lemma block_toeplitz_smult:
  assumes A: "\<And>i. A i \<in> carrier_mat d d"
  shows "c \<cdot>\<^sub>m block_toeplitz n d A = block_toeplitz n d (\<lambda>i. c \<cdot>\<^sub>m A i)"
proof (rule eq_matI)
  fix r c' assume "r < dim_row (block_toeplitz n d (\<lambda>i. c \<cdot>\<^sub>m A i))"
    "c' < dim_col (block_toeplitz n d (\<lambda>i. c \<cdot>\<^sub>m A i))"
  then have rc: "r < n * d" "c' < n * d" by auto
  then show "(c \<cdot>\<^sub>m block_toeplitz n d A) $$ (r,c') = block_toeplitz n d (\<lambda>i. c \<cdot>\<^sub>m A i) $$ (r,c')"
    using block_index_bounds[OF rc(1)] block_index_bounds[OF rc(2)] carrier_matD[OF A]
    by (simp add: index_block_toeplitz)
qed auto

lemma sum_lessThan_mult_nat:
  fixes n d :: nat
  shows "(\<Sum>l<n * d. g l) = (\<Sum>k<n. \<Sum>s<d. g (k * d + s))"
proof -
  have "sum g {k * d..<k * d + d} = (\<Sum>s<d. g (k * d + s))" for k
    using sum.shift_bounds_nat_ivl[of g 0 "k * d" d] by (simp add: add.commute lessThan_atLeast0)
  then show ?thesis by (simp add: sum.nat_group[symmetric])
qed

lemma index_mult_block_toeplitz:
  assumes A: "\<And>i. A i \<in> carrier_mat d d" and B: "\<And>i. B i \<in> carrier_mat d d"
    and rc: "r < n * d" "c < n * d"
  shows "(block_toeplitz n d A * block_toeplitz n d B) $$ (r,c)
    = (\<Sum>k<n. (A (int (r div d) - int k) * B (int k - int (c div d))) $$ (r mod d, c mod d))"
proof -
  have "(block_toeplitz n d A * block_toeplitz n d B) $$ (r,c)
      = (\<Sum>l<n * d. block_toeplitz n d A $$ (r,l) * block_toeplitz n d B $$ (l,c))"
    using rc by (simp add: scalar_prod_def lessThan_atLeast0)
  also have "\<dots> = (\<Sum>k<n. \<Sum>s<d. block_toeplitz n d A $$ (r, k * d + s) * block_toeplitz n d B $$ (k * d + s, c))"
    by (rule sum_lessThan_mult_nat)
  also have "\<dots> = (\<Sum>k<n. (A (int (r div d) - int k) * B (int k - int (c div d))) $$ (r mod d, c mod d))"
  proof (rule sum.cong)
    fix k assume "k \<in> {..<n}"
    have "k * d + s < n * d" if "s < d" for s
    proof -
      have "k * d + s < Suc k * d" using that by simp
      also have "\<dots> \<le> n * d" using \<open>k \<in> {..<n}\<close> by (intro mult_le_mono1) auto
      finally show ?thesis .
    qed
    moreover have "(k * d + s) div d = k" "(k * d + s) mod d = s" if "s < d" for s
      using that by auto
    ultimately show "(\<Sum>s<d. block_toeplitz n d A $$ (r, k * d + s) * block_toeplitz n d B $$ (k * d + s, c))
        = (A (int (r div d) - int k) * B (int k - int (c div d))) $$ (r mod d, c mod d)"
      using block_index_bounds[OF rc(1)] block_index_bounds[OF rc(2)] carrier_matD[OF A] carrier_matD[OF B]
      by (simp add: index_block_toeplitz rc scalar_prod_def lessThan_atLeast0)
  qed simp
  finally show ?thesis .
qed

lemma mult_block_toeplitz_poly_mat:
  fixes M :: "'a::field mat"
  assumes M: "M \<in> carrier_mat d d" and p: "is_min_poly M p"
    and congr: "\<And>I J. 0 \<le> I \<Longrightarrow> I < int n \<Longrightarrow> 0 \<le> J \<Longrightarrow> J < int n \<Longrightarrow>
      p dvd (\<Sum>k<n. \<alpha> (I - int k) * \<beta> (int k - J)) - \<gamma> (I - J)"
  shows "block_toeplitz n d (\<lambda>i. poly_mat (\<alpha> i) M) * block_toeplitz n d (\<lambda>i. poly_mat (\<beta> i) M)
    = block_toeplitz n d (\<lambda>i. poly_mat (\<gamma> i) M)"
proof (rule eq_matI)
  fix r c assume "r < dim_row (block_toeplitz n d (\<lambda>i. poly_mat (\<gamma> i) M))"
    "c < dim_col (block_toeplitz n d (\<lambda>i. poly_mat (\<gamma> i) M))"
  then have rc: "r < n * d" "c < n * d" by auto
  let ?I = "int (r div d)" and ?J = "int (c div d)"
  note bounds = block_index_bounds[OF rc(1)] block_index_bounds[OF rc(2)]
  have "(block_toeplitz n d (\<lambda>i. poly_mat (\<alpha> i) M) * block_toeplitz n d (\<lambda>i. poly_mat (\<beta> i) M)) $$ (r,c)
      = (\<Sum>k<n. poly_mat (\<alpha> (?I - int k) * \<beta> (int k - ?J)) M $$ (r mod d, c mod d))"
    using poly_mat_carrier[OF M]
    by (simp add: index_mult_block_toeplitz[OF _ _ rc] poly_mat_mult[OF M])
  also have "\<dots> = poly_mat (\<Sum>k<n. \<alpha> (?I - int k) * \<beta> (int k - ?J)) M $$ (r mod d, c mod d)"
    by (rule poly_mat_sum_index[OF M bounds(2,4), symmetric])
  also have "\<dots> = poly_mat (\<gamma> (?I - ?J)) M $$ (r mod d, c mod d)"
    by (subst poly_mat_eq_iff_min_poly_dvd[OF M p, THEN iffD2]) (use congr[of ?I ?J] bounds in auto)
  finally show "(block_toeplitz n d (\<lambda>i. poly_mat (\<alpha> i) M) * block_toeplitz n d (\<lambda>i. poly_mat (\<beta> i) M)) $$ (r,c)
      = block_toeplitz n d (\<lambda>i. poly_mat (\<gamma> i) M) $$ (r,c)"
    using rc by (simp add: index_block_toeplitz)
qed auto

context
  fixes M :: "complex mat" and d :: nat and p pp pm chi :: "complex poly"
  assumes M: "M \<in> carrier_mat d d" and min_poly: "is_min_poly M p" and factors: "pp * pm dvd p"
begin

lemma admissible_pair_iff_poly_mat:
  "admissible_pair p pp pm chi u v \<longleftrightarrow>
    (\<exists>a a'. poly_mat u M = poly_mat (pp * a) M \<and> poly_mat v M = poly_mat (pm * a') M \<and>
       p div (pp * pm) dvd a - chi * a')"
proof -
  have "p = pp * pm * (p div (pp * pm))" using factors by simp
  moreover have "p \<noteq> 0" using min_poly unfolding is_min_poly_def by auto
  ultimately show ?thesis
    by (simp add: admissible_pair_iff_factors poly_mat_eq_iff_min_poly_dvd[OF M min_poly])
qed

lemma block_toeplitz_in_frakB:
  assumes "admissible_seq n p pp pm chi \<alpha>"
  shows "block_toeplitz n d (\<lambda>i. poly_mat (\<alpha> i) M) \<in> frakB n M p pp pm chi"
  using assms M unfolding frakB_def poly_algebra_def admissible_seq_def admissible_pair_iff_poly_mat
  by (intro CollectI exI[of _ "\<lambda>i. poly_mat (\<alpha> i) M"]) auto

lemma frakBE:
  assumes "X \<in> frakB n M p pp pm chi"
  obtains \<alpha> where "X = block_toeplitz n d (\<lambda>i. poly_mat (\<alpha> i) M)" "admissible_seq n p pp pm chi \<alpha>"
proof -
  obtain A where X: "X = block_toeplitz n d A"
    and P: "\<And>i. - (int n - 1) \<le> i \<Longrightarrow> i \<le> int n - 1 \<Longrightarrow> A i \<in> poly_algebra M"
    and pair: "\<And>i. 1 \<le> i \<Longrightarrow> i \<le> int n - 1 \<Longrightarrow>
      \<exists>a a'. A i = poly_mat (pp * a) M \<and> A (i - int n) = poly_mat (pm * a') M \<and>
        p div (pp * pm) dvd a - chi * a'"
    using assms M unfolding frakB_def by auto
  define \<alpha> where "\<alpha> i = (SOME a. A i = poly_mat a M)" for i
  have \<alpha>: "poly_mat (\<alpha> i) M = A i" if "- (int n - 1) \<le> i" "i \<le> int n - 1" for i
    using P[OF that] unfolding \<alpha>_def poly_algebra_def by (metis (mono_tags, lifting) mem_Collect_eq someI)
  have "X = block_toeplitz n d (\<lambda>i. poly_mat (\<alpha> i) M)"
    unfolding X by (rule block_toeplitz_cong) (simp add: \<alpha>)
  moreover have "admissible_seq n p pp pm chi \<alpha>"
    unfolding admissible_seq_def admissible_pair_iff_poly_mat using pair \<alpha> by auto
  ultimately show ?thesis using that by blast
qed
(* For $n>4$ let $P_{2n}(x)=x^{2n}+x^{n+4}+x^{n+2}+x^n+x^{n-2}+x^{n-4}+1$. Then $$\lim_{n\to\infty}C(P_{2n})=\frac{2}{\pi}\arccos\!\left(\sqrt{\frac38+\frac{\sqrt{13}}{8}}\right)\approx 0.2741871146.$$
   Context: For a polynomial $P$ of degree $d$, let $I(P)$ and $E(P)$ denote the numbers of complex zeros of $P$ (counted with multiplicity) of modulus $<1$ and $>1$ respectively, and $C(P)=\frac{I(P)+E(P)}{d}$. *)

theory Defs
  imports "HOL-Analysis.Analysis" "HOL-Computational_Algebra.Polynomial"
begin

definition zeros_inside :: "complex poly \<Rightarrow> nat" where
  "zeros_inside p = (\<Sum>z\<in>{z. poly p z = 0 \<and> cmod z < 1}. order z p)"

definition zeros_outside :: "complex poly \<Rightarrow> nat" where
  "zeros_outside p = (\<Sum>z\<in>{z. poly p z = 0 \<and> cmod z > 1}. order z p)"

definition C_ratio :: "complex poly \<Rightarrow> real" where
  "C_ratio p = real (zeros_inside p + zeros_outside p) / real (degree p)"

definition P2n :: "nat \<Rightarrow> complex poly" where
  "P2n n = monom 1 (2*n) + monom 1 (n+4) + monom 1 (n+2) + monom 1 n
           + monom 1 (n-2) + monom 1 (n-4) + 1"

end

theory Submission
  imports Defs "HOL-Computational_Algebra.Fundamental_Theorem_Algebra"
begin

******

# Exercise brief
Check each line above for the word "moreover" and copy the ones that have it.

# Written reply
    moreover have "(k * d + s) div d = k" "(k * d + s) mod d = s" if "s < d" for s
  moreover have "p \<noteq> 0" using min_poly unfolding is_min_poly_def by auto
  moreover have "admissible_seq n p pp pm chi \<alpha>"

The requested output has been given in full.